And another item crossed off: context-local job info, worker and scheduler (where available).

agronholm avatar Sep 20 '21 23:09 agronholm

Yesterday I pushed code that adds failure resilience to persistent data stores, with fully configurable parameters and exponential backoff by default. The challenge is that different data stores raise different exceptions when they fail. This is particularly problematic with the SQLAlchemy store. I've tested this against both PostgreSQL and MySQL servers, shutting them down while the scheduler is running, and I've confirmed that the scheduler starts running again if I restart the server within the configured timeout period. Larger scale testing and refinement is needed, however, to make this feature "rock solid".

This marks the completion of the last mandatory feature of APScheduler 4. I'll start implementing the bonus features now and fixing up the scheduler/worker event logic and other issues in the code, and then gradually rewrite the documentation. When that's done, I will make the first pre-release of v4.

agronholm avatar Sep 27 '21 08:09 agronholm

Yesterday I heard about OS level mechanisms that allow more sophisticated waiting techniques than what APScheduler has used so far. Up until now, APScheduler has simply calculated the time differential between the next known scheduled fire time and then used time.sleep() or similar to sleep until then (or until awakened explicitly). This method works well in most circumstances, but not in the following:

  • the host computer is put to sleep
  • the system clock is winded forward

In either of these cases, the scheduler would be blissfully unaware of the abrupt changes in the system clock and may thus sleep past the next fire time. These OS level mechanisms are something I'm now looking to implement for the 4.0 final release, but don't expect to see them in the early pre-releases. They could also be impossible to write automated tests for, so I don't know what to do about that.

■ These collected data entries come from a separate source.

text \<open>The lengths of a standard i.e.m. and the log-slopes of an affine one are transformed by
  mutually contragredient elementary matrices, so their pairing is invariant.\<close>
lemma rauzy_step_pairing:
  assumes "last_letter pt \<noteq> last_letter pb"
    and "rauzy_step t (pt, pb, lam, \<lambda>_. 0) = (p, q, lam', z)"
    and "rauzy_step t (pt, pb, lt, v) = (p', q', l', v')"
  shows "(\<Sum>a\<in>UNIV. lam a * v a) = (\<Sum>a\<in>UNIV. lam' a * v' a)"
proof -
  let ?T = "last_letter pt" and ?B = "last_letter pb"
  have "(\<Sum>a\<in>UNIV. lam' a * v' a) = (\<Sum>a\<in>UNIV. lam a * v a)
      + (lam' ?T * v' ?T - lam ?T * v ?T) + (lam' ?B * v' ?B - lam ?B * v ?B)"
    using assms by (intro sum_UNIV_change_two_points) (cases t; auto simp: Let_def)+
  moreover have "lam' ?T * v' ?T + lam' ?B * v' ?B = lam ?T * v ?T + lam ?B * v ?B"
    using assms by (cases t) (auto simp: Let_def algebra_simps)
  ultimately show ?thesis
    by simp
qed

lemma fold_rauzy_step_pairing:
  fixes pt pb :: "'a::finite \<Rightarrow> nat"
  assumes "comb_data pt pb" "irreducible pt pb" "\<gamma> \<noteq> [] \<Longrightarrow> 2 \<le> CARD('a)"
    and "fold rauzy_step \<gamma> (pt, pb, lam, \<lambda>_. 0) = (p, q, lam1, z)"
    and "fold rauzy_step \<gamma> (pt, pb, lt, v) = (p', q', l1, v1)"
  shows "(\<Sum>a\<in>UNIV. lam a * v a) = (\<Sum>a\<in>UNIV. lam1 a * v1 a)"
  using assms
proof (induction \<gamma> arbitrary: pt pb lam lt v)
  case Nil
  then show ?case by simp
next
  case (Cons t ts)
  have card: "2 \<le> CARD('a)"
    using Cons.prems(3) by simp
  obtain p0 q0 lam0 z0 where s0: "rauzy_step t (pt, pb, lam, \<lambda>_. 0) = (p0, q0, lam0, z0)"
    by (metis prod_cases4)
  obtain p2 q2 l2 v2 where s: "rauzy_step t (pt, pb, lt, v) = (p2, q2, l2, v2)"
    by (metis prod_cases4)
  have "p2 = p0" "q2 = q0" "z0 = (\<lambda>_. 0)"
    using rauzy_step_data_indep[OF s0 s] rauzy_step_zero_slopes[OF s0] by simp_all
  moreover have "comb_data p0 q0" "irreducible p0 q0"
    using rauzy_step_comb_data[OF Cons.prems(1,2) card s0] by simp_all
  moreover have "last_letter pt \<noteq> last_letter pb"
    using Cons.prems(1,2) card by (simp add: comb_data_iff_ranking irreducible_last_letters_distinct)
  ultimately show ?case
    using rauzy_step_pairing[OF _ s0 s] Cons.IH[of p0 q0 lam0 l2 v2] card Cons.prems(4,5) s0 s by simp
qed

lemma pos_orthogonal_transfer_sgn:
  fixes f g :: "'a::finite \<Rightarrow> real"
  assumes sgn: "\<And>a. sgn (f a) = sgn (g a)" and "\<forall>a. 0 < x a" and "(\<Sum>a\<in>UNIV. x a * f a) = 0"
  shows "\<exists>y. (\<forall>a. 0 < y a) \<and> (\<Sum>a\<in>UNIV. y a * g a) = 0"
proof -
  define y where "y a = (if g a = 0 then x a else x a * (f a / g a))" for a
  have "0 < y a" for a
  proof (cases "g a = 0")
    case False
    then have "0 < f a / g a"
      using sgn[of a] by (auto simp: sgn_if zero_less_divide_iff split: if_splits)
    then have "0 < x a * (f a / g a)"
      using assms(2) by (intro mult_pos_pos) auto
    then show ?thesis
      using False by (simp add: y_def)
  qed (use assms(2) in \<open>simp add: y_def\<close>)
  moreover have "y a * g a = x a * f a" for a
    using sgn[of a] by (auto simp: y_def sgn_if split: if_splits)
  ultimately show ?thesis
    using assms(3) by (intro exI[of _ y]) simp
qed

text \<open>is_aiem lt w says that lt is positive and orthogonal to exp w - 1, which has the sign of w.\<close>
lemma ex_is_aiem_iff_pos_orthogonal:
  fixes w :: "'a::finite \<Rightarrow> real"
  shows "(\<exists>lt. is_aiem lt w) \<longleftrightarrow> (\<exists>x. (\<forall>a. 0 < x a) \<and> (\<Sum>a\<in>UNIV. x a * w a) = 0)"
proof -
  have "is_aiem lt w \<longleftrightarrow> (\<forall>a. 0 < lt a) \<and> (\<Sum>a\<in>UNIV. lt a * (exp (w a) - 1)) = 0" for lt
    by (simp add: is_aiem_def algebra_simps sum_subtractf)
  moreover have "sgn (exp (w a) - 1) = sgn (w a)" for a
    by (simp add: sgn_if)
  ultimately show ?thesis
    using pos_orthogonal_transfer_sgn[of "\<lambda>a. exp (w a) - 1" w]
      pos_orthogonal_transfer_sgn[of w "\<lambda>a. exp (w a) - 1"] by auto
qed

agronholm avatar Oct 02 '21 10:10 agronholm

@agronholm I'm particularly interested in sharable job stores as I commented in another issue, and you pointed me to this one since it's planned for v4.

A couple of days ago, I started tinkering over v3.8.1 to get a [very basic] sharable mondgodb store support (since the system I'm building, which holds a scheduler instance, is deployed in multi-replica and thus it's critical for such replicas to access the same job store). But then I found out the feature was checked in the list above, so I started digging into master branch. Specifically, I was looking for changes in job stores and the scheduler, and I'm very pleased to see the refactoring done to enable acquire/release jobs on a store and events pub/sub to trigger jobs to executors. I wondered how you managed to "update" the wakeup time on a certain scheduler instance if another instance added or modified a job, and noticed the _wakeup_event strategy to handle such scenario. Nice and clean design.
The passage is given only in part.